Export the tune run summary.

hotcb --dir runs/exp-001 tune export-recipe --out evolved_summary.json

Syntactic Sugar

Shortcut commands that auto-route to the right module.

hotcb enable <id>

Defaults to cb enable. Queues a callback enable command.

hotcb --dir runs/exp-001 enable timing

hotcb disable <id>

Defaults to cb disable. Queues a callback disable command.
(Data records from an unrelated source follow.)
(* The finitely and infinitely indexed series of the definition of GS are padded with the
   terms 0 \<cdot> (p - p), so that one sequence of partial sums indexed by \<nat> covers both cases. *)
lemma GS_eq_series_limits:
  assumes "p \<in> A"
  shows "GS a A p =
    {y \<in> Ma a. \<exists>x \<alpha>. (\<forall>i. x i \<in> A) \<and> tendsto_a a (GS_partial_sum p x \<alpha>) y}"
proof (intro set_eqI iffI)
  fix y
  assume "y \<in> {y \<in> Ma a. \<exists>x \<alpha>. (\<forall>i. x i \<in> A) \<and> tendsto_a a (GS_partial_sum p x \<alpha>) y}"
  then obtain x \<alpha> where "y \<in> Ma a" "\<forall>i. x i \<in> A" "tendsto_a a (GS_partial_sum p x \<alpha>) y"
    by blast
  then show "y \<in> GS a A p"
    unfolding GS_def tendsto_a_def GS_partial_sum_def
    by (intro CollectI conjI exI[of _ UNIV] exI[of _ x] exI[of _ \<alpha>]) auto
next
  fix y
  assume "y \<in> GS a A p"
  then obtain I x \<alpha> where y: "y \<in> Ma a" and xA: "\<forall>i\<in>I. x i \<in> A" and
    series: "(finite I \<and> y = (\<lambda>k. p k + (\<Sum>i\<in>I. \<alpha> i * (x i k - p k)))) \<or>
       (infinite I \<and>
        ((\<lambda>n. norm_a a (\<lambda>k. (p k + (\<Sum>i\<in>I \<inter> {..<n}. \<alpha> i * (x i k - p k))) - y k))
           \<longlonglongrightarrow> 0))"
    unfolding GS_def by blast
  define x' where "x' i = (if i \<in> I then x i else p)" for i
  define \<alpha>' where "\<alpha>' i = (if i \<in> I then \<alpha> i else 0)" for i
  have partial_sum: "GS_partial_sum p x' \<alpha>' n =
      (\<lambda>k. p k + (\<Sum>i\<in>I \<inter> {..<n}. \<alpha> i * (x i k - p k)))" for n
    unfolding GS_partial_sum_def Int_commute[of I]
    by (auto simp: x'_def \<alpha>'_def sum.inter_restrict fun_eq_iff intro!: sum.cong)
  have "tendsto_a a (GS_partial_sum p x' \<alpha>') y"
    using series
  proof
    assume finite: "finite I \<and> y = (\<lambda>k. p k + (\<Sum>i\<in>I. \<alpha> i * (x i k - p k)))"
    then obtain N where "I \<subseteq> {..<N}"
      using finite_nat_bounded by blast
    then have "\<forall>n\<ge>N. I \<inter> {..<n} = I"
      by auto
    then have "\<forall>\<^sub>F n in sequentially. norm_a a (\<lambda>k. GS_partial_sum p x' \<alpha>' n k - y k) = 0"
      using finite unfolding eventually_sequentially partial_sum by (intro exI[of _ N]) auto
    then show ?thesis
      unfolding tendsto_a_def by (rule tendsto_eventually)
  qed (simp add: tendsto_a_def partial_sum)
  moreover have "\<forall>i. x' i \<in> A"
    using xA assms by (simp add: x'_def)
  ultimately show "y \<in> {y \<in> Ma a. \<exists>x \<alpha>. (\<forall>i. x i \<in> A) \<and> tendsto_a a (GS_partial_sum p x \<alpha>) y}"
    using y by blast
qed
hotcb --dir runs/exp-001 disable timing

hotcb set [--id <id>] k=v ...

Auto-routes to opt or loss based on key patterns:

  • Keys lr, weight_decay, clip_norm, scheduler_scale, scheduler_drop, group, groups route to opt
  • Keys ending in _w, or starting with terms. or ramps. route to loss
  • Ambiguous keys produce an error — use explicit subcommands instead
hotcb --dir runs/exp-001 set lr=5e-5           # -> opt set_params
hotcb --dir runs/exp-001 set distill_w=0.25    # -> loss set_params

hotcb serve

Start the dashboard server, optionally with autopilot.
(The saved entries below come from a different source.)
lemma locally_lipschitz_on_inf_partial_integral_affine:
  fixes A B C :: "real \<Rightarrow> real" and K :: real
  assumes "A \<in> borel_measurable (restrict_space lborel {0..})"
      "B \<in> borel_measurable (restrict_space lborel {0..})"
      "C \<in> borel_measurable (restrict_space lborel {0..})"
    and "locally_bounded_on_halfline A" "locally_bounded_on_halfline B" "locally_bounded_on_halfline C"
    and "0 \<le> K"
    and "\<And>x t \<eta>. 0 \<le> x \<Longrightarrow> 0 \<le> t \<Longrightarrow> x + K * t \<le> \<eta> \<Longrightarrow> 0 \<le> t * A \<eta> + x * B \<eta> + C \<eta>"
  shows "locally_lipschitz_on ({0..} \<times> {0..})
    (\<lambda>(x, t). inf_partial_integral (\<lambda>\<eta>. t * A \<eta> + x * B \<eta> + C \<eta>))"
  unfolding locally_lipschitz_on_def case_prod_unfold
proof
  define g where "g p = (\<lambda>\<eta>. snd p * A \<eta> + fst p * B \<eta> + C \<eta>)" for p :: "real \<times> real"
  fix p\<^sub>0 :: "real \<times> real"
  assume "p\<^sub>0 \<in> {0..} \<times> {0..}"
  then obtain r Y \<Lambda> E where "r > 0" "Y \<ge> 0" "\<Lambda> \<ge> 0"
    and bounds: "\<forall>p\<in>ball p\<^sub>0 r \<inter> {0..} \<times> {0..}. (\<forall>\<eta>\<ge>Y. 0 \<le> g p \<eta>) \<and>
        (\<forall>\<eta>\<in>{0..Y}. \<bar>g p \<eta>\<bar> \<le> E \<and>
          (\<forall>q\<in>ball p\<^sub>0 r \<inter> {0..} \<times> {0..}. \<bar>g p \<eta> - g q \<eta>\<bar> \<le> \<Lambda> * dist p q))"
    using locally_lipschitz_nonneg_tail_affine[OF assms(4-8)]
    unfolding locally_lipschitz_nonneg_tail_def g_def by blast
  have "(Y * \<Lambda>)-lipschitz_on (ball p\<^sub>0 r \<inter> {0..} \<times> {0..}) (\<lambda>p. inf_partial_integral (g p))"
    using \<open>Y \<ge> 0\<close> \<open>\<Lambda> \<ge> 0\<close> bounds set_integrable_affine_combination[OF assms(1-6)]
    by (intro lipschitz_on_inf_partial_integral[where E = E]) (auto simp: g_def)
  then show "\<exists>r>0. \<exists>L. L-lipschitz_on (ball p\<^sub>0 r \<inter> {0..} \<times> {0..})
      (\<lambda>p. inf_partial_integral (\<lambda>\<eta>. snd p * A \<eta> + fst p * B \<eta> + C \<eta>))"
    using \<open>r > 0\<close> unfolding g_def by blast
qed

lemma Fmin_eq_inf_partial_integral:
  "Fmin u0 \<rho>0 x t = inf_partial_integral (\<lambda>\<eta>. t * (u0 \<eta> * \<rho>0 \<eta>) + x * - \<rho>0 \<eta> + \<eta> * \<rho>0 \<eta>)"
  unfolding Fmin_def Fyxt_def inf_partial_integral_def by (simp add: algebra_simps)

lemma Gmin_eq_inf_partial_integral:
  "Gmin ub \<rho>b x t = inf_partial_integral (\<lambda>\<eta>. t * - (ub \<eta> * ub \<eta> * \<rho>b \<eta>)
    + x * (ub \<eta> * \<rho>b \<eta>) + \<eta> * (ub \<eta> * ub \<eta> * \<rho>b \<eta>))"
  unfolding Gmin_def Gtxt_def inf_partial_integral_def by (simp add: algebra_simps)

lemma Fmin_integrand_nonneg:
  fixes u0 \<rho>0 :: "real \<Rightarrow> real"
  assumes "\<forall>\<eta>\<ge>0. \<bar>u0 \<eta>\<bar> \<le> M" "\<forall>\<eta>\<ge>0. \<rho>0 \<eta> > 0" "0 \<le> M"
    and "0 \<le> x" "0 \<le> t" "x + M * t \<le> \<eta>"
  shows "0 \<le> t * (u0 \<eta> * \<rho>0 \<eta>) + x * - \<rho>0 \<eta> + \<eta> * \<rho>0 \<eta>"
proof -
  have "0 \<le> M * t"
    using assms(3,5) by simp
  then have "0 \<le> \<eta>"
    using assms(4,6) by linarith
  then have "t * - M \<le> t * u0 \<eta>"
    using assms(1,5) by (intro mult_left_mono) (auto simp: abs_le_iff)
  then have "0 \<le> (t * u0 \<eta> + \<eta> - x) * \<rho>0 \<eta>"
    using assms(2,6) \<open>0 \<le> \<eta>\<close> by (intro mult_nonneg_nonneg) (auto simp: algebra_simps less_imp_le)
  then show ?thesis
    by (simp add: algebra_simps)
qed

lemma Gmin_integrand_nonneg:
  fixes ub \<rho>b :: "real \<Rightarrow> real"
  assumes "\<forall>\<eta>\<ge>0. ub \<eta> > 0" "\<forall>\<eta>\<ge>0. \<rho>b \<eta> > 0"
    and "0 \<le> x" "0 \<le> t" "x + 1 * t \<le> \<eta>"
  shows "0 \<le> t * - (ub \<eta> * ub \<eta> * \<rho>b \<eta>) + x * (ub \<eta> * \<rho>b \<eta>) + \<eta> * (ub \<eta> * ub \<eta> * \<rho>b \<eta>)"
proof -
  have "0 < ub \<eta>" "0 < \<rho>b \<eta>"
    using assms by auto
  then have "0 \<le> (x + ub \<eta> * (\<eta> - t)) * (ub \<eta> * \<rho>b \<eta>)"
    using assms(3-5) by simp
  then show ?thesis
    by (simp add: algebra_simps)
qed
hotcb serve --dir runs/exp1
hotcb serve --dir runs/exp1 --port 9000
hotcb serve --dir runs/exp1 --autopilot ai_suggest --key-metric val_loss

Options:

  • --host <addr> -- bind address (default: 127.0.0.1)
  • --port <int> -- port (default: 8421)
  • --autopilot {off,suggest,auto,ai_suggest,ai_auto} -- autopilot mode (default: off)
  • --key-metric <name> -- primary metric for AI optimization (default: val_loss)

Dashboard URL: http://localhost:8421

hotcb demo

Launch synthetic training with the dashboard.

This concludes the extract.